Make your own cut command. This is VBScript ported to VB.NET.

Cut

cut {t|b} {i|x} NumOfLines

Cuts the number of lines from the top or bottom of file.

t - top of the file
b - bottom of the file
i - include n lines
x - exclude n lines

Example

cut t i 5 < "%systemroot%\win.ini"

Cut.bat

REM Cut.bat
REM This file compiles Cut.vb to Cut.exe
REM Cut.exe Removes specified from top or bottom of lines from StdIn and writes to StdOut 
REM To use 
REM cut {t|b} {i|x} NumOfLines
Rem Cuts the number of lines from the top or bottom of file.
Rem t - top of the file
Rem b - bottom of the file
Rem i - include n lines
Rem x - exclude n lines
Rem
Rem Example - Includes first 5 lines Win.ini
Rem 
Rem cut t i 5 < "%systemroot%\win.ini"
"C:\Windows\Microsoft.NET\Framework\v4.0.30319\vbc.exe" /target:exe /out:"%~dp0\Cut.exe" "%~dp0\Cut.vb" /verbose
pause

Cut.vb

'DeDup.vb
Imports System
Imports System.IO
Imports System.Runtime.InteropServices
Imports Microsoft.Win32

Public Module DeDup
Sub Main
    Dim Arg() As Object
    Dim RS as Object
    Dim LineCount as Object
    Dim Line as Object
    Arg = Split(Command(), " ")
    rs = CreateObject("ADODB.Recordset")
    With rs
        .Fields.Append("LineNumber", 4)
        .Fields.Append("Txt", 201, 5000) 
        .Open
        LineCount = 0
        Line=Console.readline
        Do Until Line = Nothing
            LineCount = LineCount + 1
            .AddNew
            .Fields("LineNumber").value = LineCount
            .Fields("Txt").value = Console.readline
            .UpDate
            Line = Console.ReadLine
        Loop

        .Sort = "LineNumber ASC"

        If LCase(Arg(0)) = "t" then
            If LCase(Arg(1)) = "i" then
                .filter = "LineNumber < " & LCase(Arg(2)) + 1
            ElseIf LCase(Arg(1)) = "x" then
                .filter = "LineNumber > " & LCase(Arg(2))
            End If
        ElseIf LCase(Arg(0)) = "b" then
            If LCase(Arg(1)) = "i" then
                .filter = "LineNumber > " & LineCount - LCase(Arg(2))
            ElseIf LCase(Arg(1)) = "x" then
                .filter = "LineNumber < " & LineCount - LCase(Arg(2)) + 1
            End If
        End If

        Do While not .EOF
            Console.writeline(.Fields("Txt").Value)
            .MoveNext
        Loop
    End With

End Sub 
End Module
phuclv
  • 37,963
  • 15
  • 156
  • 475
Noodles
  • 264
  • 2
  • 3
1

Here's a one-line solution

for %%a in (*.txt) do powershell -Com "sc -Path '%%a' -Value (gc '%%a' | select -Skip 17)"

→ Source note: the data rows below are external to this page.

(* Let $a\in\mathbb{Q}\setminus\{-1,0,1\}$ and let $z\in\mathbb{C}$ with $|z|\le1$. For any positive real numbers $\xi<x$, \begin{multline*} \sum_{\substack{p\le x \\ \nu_p(a)=0}} z^{\omega((p-1)/\mathrm{ord}_p(a))} = \sum_{\ell\mid Q_\xi} \mu^2(\ell) (z-1)^{\omega(\ell)} \#\{ p\le x : \nu_p(a)=0,\ \ell \mid (p-1)/\mathrm{ord}_p(a) \} \\ + O\biggl( \sum_{\xi<q\le x} \#\{ p\le x : \nu_p(a)=0,\ q \mid (p-1)/\mathrm{ord}_p(a) \} \biggr), \end{multline*} with an absolute implied constant.
   Context: $p,q$ denote primes. $\nu_p(a)$ is the $p$-adic valuation of $a$; $\mathrm{ord}_p(a)$ is the multiplicative order of $a$ mod $p$; $\omega(n)$ is the number of distinct prime factors; $\mu$ is the Möbius function. For $\xi>0$, $Q_\xi$ is the least common multiple of all positive integers $\le\xi$. The convention $0^0=1$ is used. *)

theory Defs
  imports "HOL-Analysis.Analysis" "HOL-Number_Theory.Number_Theory" "HOL-Computational_Algebra.Squarefree"
begin

definition rat_val :: "nat \<Rightarrow> rat \<Rightarrow> int" where
  "rat_val p a = (case quotient_of a of (n, d) \<Rightarrow>
      int (multiplicity (int p) n) - int (multiplicity (int p) d))"

definition rat_residue :: "nat \<Rightarrow> rat \<Rightarrow> nat" where
  "rat_residue p a = (case quotient_of a of (n, d) \<Rightarrow>
      nat ((n * modular_inverse (int p) d) mod int p))"

definition rat_ord :: "nat \<Rightarrow> rat \<Rightarrow> nat" where
  "rat_ord p a = ord p (rat_residue p a)"

definition omega :: "nat \<Rightarrow> nat" where
  "omega n = card (prime_factors n)"

definition mu :: "nat \<Rightarrow> int" where
  "mu n = (if squarefree n then (-1) ^ card (prime_factors n) else 0)"

definition Q_lcm :: "real \<Rightarrow> nat" where
  "Q_lcm \<xi> = Lcm {1..nat \<lfloor>\<xi>\<rfloor>}"

definition cnt :: "rat \<Rightarrow> real \<Rightarrow> nat \<Rightarrow> nat" where
  "cnt a x l = card {p::nat. prime p \<and> real p \<le> x \<and> rat_val p a = 0 \<and>
                              l dvd (p - 1) div rat_ord p a}"

end

theory Submission imports Defs begin

text \<open>
  Expanding over the prime factors of \<open>n\<close> gives
  \<open>z ^ \<omega>(n) = \<Sum>\<^bsub>l | n\<^esub> \<mu>(l)\<^sup>2 (z - 1) ^ \<omega>(l)\<close>. Truncating the divisor sum to
  \<open>l | Q\<^sub>\<xi>\<close> yields \<open>z ^ \<omega>(gcd n Q\<^sub>\<xi>)\<close>, which equals \<open>z ^ \<omega>(n)\<close> unless \<open>n\<close> has a
  prime factor \<open>q > \<xi>\<close>, and in that case the two differ by at most \<open>2\<close>. Applying this
  to \<open>n = (p - 1) / ord\<^sub>p(a)\<close>, summing over \<open>p\<close> and interchanging the order of
  summation gives the claim with implied constant \<open>2\<close>.
\<close>

lemma sum_Pow_power_card:
  fixes w :: "'a::comm_semiring_1"
  assumes "finite A"
  shows "(\<Sum>T\<in>Pow A. w ^ card T) = (1 + w) ^ card A"
  using prod_add[OF assms, of "\<lambda>_. w" "\<lambda>_. 1"] by (simp add: add.commute)

lemma prime_factors_Prod_primes:
  assumes "finite T" and "\<And>p. p \<in> T \<Longrightarrow> prime (p::nat)"
  shows "prime_factors (\<Prod>T) = T"
proof -
  have "0 \<notin> id ` T" using assms(2) by force
  then have "prime_factors (\<Prod>T) = \<Union>((prime_factors \<circ> id) ` T)"
    using prime_factors_prod[OF assms(1), of id] by simp
  also have "\<dots> = T" using assms(2) by (auto simp: prime_prime_factors)
  finally show ?thesis .
qed

lemma squarefree_Prod_primes:
  assumes "\<And>p. p \<in> T \<Longrightarrow> prime (p::nat)"
  shows "squarefree (\<Prod>T)"
proof -
  have "squarefree (prod id T)"
    by (rule squarefree_prod_coprime) (auto intro: primes_coprime squarefree_prime assms)
  then show ?thesis by simp
qed

lemma squarefree_eq_Prod_prime_factors:
  assumes "squarefree (n::nat)"
  shows "n = \<Prod>(prime_factors n)"
proof -
  have n0: "n \<noteq> 0" using assms by (cases "n = 0") auto
  have "n = (\<Prod>p\<in>prime_factors n. p ^ multiplicity p n)"
    using prod_prime_factors[OF n0] by simp
  also have "\<dots> = \<Prod>(prime_factors n)"
    using assms squarefree_factorial_semiring'[OF n0] by (intro prod.cong) auto
  finally show ?thesis .
qed

lemma Prod_prime_factors_dvd: "\<Prod>(prime_factors n) dvd (n::nat)"
proof (cases "n = 0")
  case False
  have "\<Prod>(prime_factors n) dvd (\<Prod>p\<in>prime_factors n. p ^ multiplicity p n)"
    by (intro prod_dvd_prod) (auto simp: prime_factors_multiplicity intro: dvd_power)
  also have "\<dots> = n" using prod_prime_factors[OF False] by simp
  finally show ?thesis .
qed simp

lemma squarefree_divisors_eq_image_Prod:
  assumes "(m::nat) \<noteq> 0"
  shows "{l. l dvd m \<and> squarefree l} = Prod ` Pow (prime_factors m)"
proof (intro equalityI subsetI)
  fix l assume l: "l \<in> {l. l dvd m \<and> squarefree l}"
  then have "prime_factors l \<subseteq> prime_factors m" using assms by (intro dvd_prime_factors) auto
  with l show "l \<in> Prod ` Pow (prime_factors m)"
    using squarefree_eq_Prod_prime_factors by blast
next
  fix l assume "l \<in> Prod ` Pow (prime_factors m)"
  then obtain T where T: "T \<subseteq> prime_factors m" "l = \<Prod>T" by auto
  have "\<Prod>T dvd \<Prod>(prime_factors m)" using T by (intro prod_dvd_prod_subset) auto
  also have "\<dots> dvd m" by (rule Prod_prime_factors_dvd)
  finally show "l \<in> {l. l dvd m \<and> squarefree l}"
    using T by (auto intro: squarefree_Prod_primes)
qed

lemma sum_divisors_mu_squared_power_omega:
  fixes w :: "'a::comm_ring_1"
  assumes "m \<noteq> 0"
  shows "(\<Sum>l | l dvd m. of_int ((mu l)\<^sup>2) * w ^ omega l) = (1 + w) ^ omega m"
proof -
  have factors: "prime_factors (\<Prod>T) = T" if "T \<in> Pow (prime_factors m)" for T
    using that by (intro prime_factors_Prod_primes) (auto intro: finite_subset)
  then have inj: "inj_on Prod (Pow (prime_factors m))" by (metis inj_onI)
  have "(\<Sum>l | l dvd m. of_int ((mu l)\<^sup>2) * w ^ omega l)
      = (\<Sum>l | l dvd m \<and> squarefree l. w ^ omega l)"
    using assms by (intro sum.mono_neutral_cong_right) (auto simp: mu_def simp flip: power_mult)
  also have "\<dots> = (\<Sum>T\<in>Pow (prime_factors m). w ^ omega (\<Prod>T))"
    unfolding squarefree_divisors_eq_image_Prod[OF assms] using inj by (simp add: sum.reindex)
  also have "\<dots> = (\<Sum>T\<in>Pow (prime_factors m). w ^ card T)"
    unfolding omega_def by (intro sum.cong refl) (simp add: factors)
  also have "\<dots> = (1 + w) ^ omega m" by (simp add: sum_Pow_power_card omega_def)
  finally show ?thesis .
qed

lemma norm_power_omega_minus_truncated_divisor_sum:
  fixes z :: complex
  assumes n: "n \<noteq> 0" and Q: "Q \<noteq> 0" and z: "cmod z \<le> 1"
  shows "cmod (z ^ omega n - (\<Sum>l | l dvd Q \<and> l dvd n. of_int ((mu l)\<^sup>2) * (z - 1) ^ omega l))
           \<le> 2 * real (card (prime_factors n - prime_factors Q))"
proof -
  have "{l. l dvd Q \<and> l dvd n} = {l. l dvd gcd Q n}" by auto
  then have truncated: "(\<Sum>l | l dvd Q \<and> l dvd n. of_int ((mu l)\<^sup>2) * (z - 1) ^ omega l)
      = z ^ omega (gcd Q n)"
    using sum_divisors_mu_squared_power_omega[of "gcd Q n" "z - 1"] Q by simp
  show ?thesis
  proof (cases "prime_factors n \<subseteq> prime_factors Q")
    case True
    then have "prime_factors (gcd Q n) = prime_factors n" using n Q by auto
    then show ?thesis using truncated by (simp add: omega_def)
  next
    case False
    have "cmod (z ^ k) \<le> 1" for k using z by (simp add: norm_power power_le_one)
    then have "cmod (z ^ omega n - z ^ omega (gcd Q n)) \<le> 1 + 1"
      by (meson add_mono norm_triangle_ineq4 order_trans)
    moreover have "card (prime_factors n - prime_factors Q) \<ge> 1"
      using False by (simp add: Suc_le_eq card_gt_0_iff)
    ultimately show ?thesis using truncated by simp
  qed
qed

lemma sum_mult_card_filter_swap:
  fixes c :: "'b \<Rightarrow> 'c::comm_semiring_1"
  assumes "finite A" and "finite B"
  shows "(\<Sum>b\<in>B. c b * of_nat (card {a\<in>A. R b a})) = (\<Sum>a\<in>A. \<Sum>b | b \<in> B \<and> R b a. c b)"
  using sum.swap_restrict[OF assms(2,1), of "\<lambda>b a. c b" R] by (simp add: mult.commute)

lemma norm_sum_power_omega_minus_truncated_sieve:
  fixes z :: complex and N :: "'p \<Rightarrow> nat"
  assumes fin: "finite S" "finite P" and Q: "Q \<noteq> 0" and z: "cmod z \<le> 1"
    and N: "\<And>p. p \<in> S \<Longrightarrow> N p \<noteq> 0"
    and large: "\<And>p. p \<in> S \<Longrightarrow> prime_factors (N p) - prime_factors Q = {q\<in>P. q dvd N p}"
  shows "cmod ((\<Sum>p\<in>S. z ^ omega (N p))
            - (\<Sum>l | l dvd Q. of_int ((mu l)\<^sup>2) * (z - 1) ^ omega l * of_nat (card {p\<in>S. l dvd N p})))
         \<le> 2 * (\<Sum>q\<in>P. real (card {p\<in>S. q dvd N p}))"
proof -
  define c where "c l = of_int ((mu l)\<^sup>2) * (z - 1) ^ omega l" for l
  have divisors: "finite {l. l dvd Q}" using Q by simp
  have "cmod ((\<Sum>p\<in>S. z ^ omega (N p)) - (\<Sum>l | l dvd Q. c l * of_nat (card {p\<in>S. l dvd N p})))
      \<le> (\<Sum>p\<in>S. cmod (z ^ omega (N p) - (\<Sum>l | l dvd Q \<and> l dvd N p. c l)))"
    unfolding sum_mult_card_filter_swap[OF fin(1) divisors, of c "\<lambda>l p. l dvd N p"]
    by (simp add: sum_subtractf[symmetric] norm_sum)
  also have "\<dots> \<le> (\<Sum>p\<in>S. 2 * real (card {q\<in>P. q dvd N p}))"
    using norm_power_omega_minus_truncated_divisor_sum[OF N Q z]
    by (intro sum_mono) (simp add: large c_def)
  also have "\<dots> = 2 * (\<Sum>q\<in>P. real (card {p\<in>S. q dvd N p}))"
    using sum_mult_card_filter_swap[OF fin, of "\<lambda>_. 1::real" "\<lambda>q p. q dvd N p"]
    by (simp add: sum_distrib_left)
  finally show ?thesis by (simp add: c_def)
qed

lemma not_dvd_quotient_of_rat_val_zero:
  assumes "quotient_of a = (n, d)" and "a \<noteq> 0" and "prime p" and "rat_val p a = 0"
  shows "\<not> int p dvd n" and "\<not> int p dvd d"
proof -
  have d: "d \<noteq> 0" using assms(1) quotient_of_denom_pos by fastforce
  have n: "n \<noteq> 0" using assms(1,2) quotient_of_div by fastforce
  have p: "prime (int p)" using assms(3) by simp
  have mult_eq: "multiplicity (int p) n = multiplicity (int p) d"
    using assms(1,4) by (simp add: rat_val_def)
  have "int p dvd n \<longleftrightarrow> int p dvd d"
    using mult_eq prime_multiplicity_gt_zero_iff[OF prime_imp_prime_elem[OF p]] n d by metis
  moreover have "\<not> (int p dvd n \<and> int p dvd d)"
    using quotient_of_coprime[OF assms(1)] p by (meson coprime_common_divisor not_prime_unit)
  ultimately show "\<not> int p dvd n" and "\<not> int p dvd d" by blast+
qed

lemma coprime_rat_residue:
  assumes "a \<noteq> 0" and p: "prime p" and "rat_val p a = 0"
  shows "coprime p (rat_residue p a)"
proof -
  obtain n d where nd: "quotient_of a = (n, d)" by (cases "quotient_of a") auto
  note not_dvd = not_dvd_quotient_of_rat_val_zero[OF nd assms]
  define d' where "d' = modular_inverse (int p) d"
  have "coprime d (int p)"
    using not_dvd(2) p by (meson coprime_commute prime_imp_coprime prime_nat_int_transfer)
  then have "[d * d' = 1] (mod int p)" unfolding d'_def by (rule cong_modular_inverse1)
  then have cong: "[n * d' * d = n] (mod int p)"
    by (metis cong_scalar_left mult.assoc mult.commute mult.right_neutral)
  have residue: "int (rat_residue p a) = n * d' mod int p"
    using nd p by (simp add: rat_residue_def d'_def prime_gt_0_nat)
  have "int p dvd n" if "p dvd rat_residue p a"
  proof -
    have "int p dvd n * d' mod int p" using that residue by (metis int_dvd_int_iff)
    then have "int p dvd n * d' * d" by (simp add: dvd_mod_iff)
    then show ?thesis using cong cong_dvd_iff by blast
  qed
  then show ?thesis using not_dvd(1) p by (auto intro: prime_imp_coprime)
qed

lemma index_rat_ord_pos:
  assumes "a \<noteq> 0" and p: "prime p" and "rat_val p a = 0"
  shows "0 < (p - 1) div rat_ord p a"
proof -
  have cop: "coprime p (rat_residue p a)" using coprime_rat_residue[OF assms] .
  then have "0 < rat_ord p a" by (simp add: rat_ord_def)
  moreover have "rat_ord p a dvd p - 1"
    using order_divides_totient[OF cop] p by (simp add: rat_ord_def totient_prime)
  moreover have "0 < p - 1" using p prime_gt_1_nat by simp
  ultimately show ?thesis by (simp add: div_greater_zero_iff dvd_imp_le)
qed

lemma Q_lcm_nonzero: "Q_lcm \<xi> \<noteq> 0"
  by (simp add: Q_lcm_def Lcm_0_iff)

lemma prime_dvd_Q_lcm_iff:
  assumes q: "prime q"
  shows "q dvd Q_lcm \<xi> \<longleftrightarrow> real q \<le> \<xi>"
proof
  assume "q dvd Q_lcm \<xi>"
  moreover have "Q_lcm \<xi> dvd fact (nat \<lfloor>\<xi>\<rfloor>)"
    unfolding Q_lcm_def by (intro Lcm_least) (auto intro: dvd_fact)
  ultimately have "q \<le> nat \<lfloor>\<xi>\<rfloor>" using q prime_dvd_fact_iff dvd_trans by blast
  then have "int q \<le> \<lfloor>\<xi>\<rfloor>" using q prime_gt_0_nat[of q] by linarith
  then show "real q \<le> \<xi>" by (simp add: le_floor_iff)
next
  assume "real q \<le> \<xi>"
  then have "q \<in> {1..nat \<lfloor>\<xi>\<rfloor>}" using q prime_gt_0_nat by (simp add: le_nat_floor Suc_le_eq)
  then show "q dvd Q_lcm \<xi>" unfolding Q_lcm_def by (rule dvd_Lcm)
qed

lemma prime_factors_diff_Q_lcm:
  assumes "n \<noteq> 0" and "real n \<le> x"
  shows "prime_factors n - prime_factors (Q_lcm \<xi>) = {q\<in>{q. prime q \<and> \<xi> < real q \<and> real q \<le> x}. q dvd n}"
proof -
  have "real q \<le> x" if "q dvd n" for q
    using dvd_imp_le[OF that] assms by (simp add: order_trans)
  then show ?thesis
    using assms(1) Q_lcm_nonzero prime_dvd_Q_lcm_iff by (auto simp: in_prime_factors_iff not_le)
qed

theorem proposition2p3:
  "\<exists>C::real. \<forall>(a::rat) (z::complex) (\<xi>::real) (x::real).
     a \<notin> {-1, 0, 1} \<and> cmod z \<le> 1 \<and> 0 < \<xi> \<and> \<xi> < x \<longrightarrow>
     cmod ((\<Sum>p\<in>{p::nat. prime p \<and> real p \<le> x \<and> rat_val p a = 0}.
               z ^ omega ((p - 1) div rat_ord p a))
         - (\<Sum>l\<in>{l::nat. l dvd Q_lcm \<xi>}.
               of_int ((mu l)^2) * (z - 1) ^ omega l * of_nat (cnt a x l)))
     \<le> C * (\<Sum>q\<in>{q::nat. prime q \<and> \<xi> < real q \<and> real q \<le> x}. real (cnt a x q))"
proof (intro exI[of _ 2] allI impI)
  fix a :: rat and z :: complex and \<xi> x :: real
  assume "a \<notin> {-1, 0, 1} \<and> cmod z \<le> 1 \<and> 0 < \<xi> \<and> \<xi> < x"
  then have a: "a \<noteq> 0" and z: "cmod z \<le> 1" by auto
  define S where "S = {p::nat. prime p \<and> real p \<le> x \<and> rat_val p a = 0}"
  define P where "P = {q::nat. prime q \<and> \<xi> < real q \<and> real q \<le> x}"
  define N where "N p = (p - 1) div rat_ord p a" for p
  have "S \<subseteq> {..nat \<lfloor>x\<rfloor>}" "P \<subseteq> {..nat \<lfloor>x\<rfloor>}"
    by (auto simp: S_def P_def le_nat_floor)
  then have fin: "finite S" "finite P" by (auto intro: finite_subset)
  have N: "N p \<noteq> 0" "real (N p) \<le> x" if p: "p \<in> S" for p
  proof -
    show "N p \<noteq> 0" using p index_rat_ord_pos[OF a] by (simp add: S_def N_def)
    have "N p \<le> p" unfolding N_def using div_le_dividend diff_le_self le_trans by blast
    then show "real (N p) \<le> x" using p by (simp add: S_def)
  qed
  have cnt: "cnt a x l = card {p\<in>S. l dvd N p}" for l
    unfolding cnt_def S_def N_def by (rule arg_cong[of _ _ card]) auto
  from norm_sum_power_omega_minus_truncated_sieve[OF fin Q_lcm_nonzero z N(1)]
  show "cmod ((\<Sum>p\<in>{p::nat. prime p \<and> real p \<le> x \<and> rat_val p a = 0}.
               z ^ omega ((p - 1) div rat_ord p a))
         - (\<Sum>l\<in>{l::nat. l dvd Q_lcm \<xi>}.
               of_int ((mu l)^2) * (z - 1) ^ omega l * of_nat (cnt a x l)))
     \<le> 2 * (\<Sum>q\<in>{q::nat. prime q \<and> \<xi> < real q \<and> real q \<le> x}. real (cnt a x q))"
    unfolding cnt S_def[symmetric] P_def[symmetric] N_def[symmetric]
    using prime_factors_diff_Q_lcm[OF N] P_def by simp
qed

end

where gc and sc are default aliases for Get-Content and Set-Content respectively. See also

If your files are huge then it'll be better to read in lines or blocks which can also be implemented easily using file functions, [IO.File]::OpenText or the -ReadCount option of Get-Content in PowerShell


As Squashman mentioned, for /f also has an option to skip lines at the beginning of the file

for %%a in (*.csv) do (
    for /f "usebackq skip=17 delims=" %%l in ("%%f") do @echo(%%l>>"%%a.new"
    move /y "%%a.new" "%%a" >nul
)

But that won't work if your file contains lines with special characters like & or |. For more information about it run for /?

phuclv
  • 37,963
  • 15
  • 156
  • 475
  • Your batch solutions works with `&` or `|`, but the only problem is with empty lines or lines beginning with `;` – jeb Mar 17 '21 at 06:41
1

Here's a option; this one uses a stream to cater for your large files:

$csvs = Get-ChildItem -Path "P:\ath to\your csvs" -Filter *.csv
foreach ( $csv in $csvs ) {
    $fin = New-Object System.IO.StreamReader( $csv.FullName )
    $fout = New-Object System.IO.StreamWriter( $csv.FullName+".new" )
    try {
        for( $s = 1; $s -le 17 -and !$fin.EndOfStream; $s++ ) {
            $fin.ReadLine()
        }
        while( !$fin.EndOfStream ) {
            $fout.WriteLine( $fin.ReadLine() )
        }
    }
    finally {
        $fout.Close()
        $fin.Close()
    }
}

Just change the path to your .csvs on the first line, before testing it.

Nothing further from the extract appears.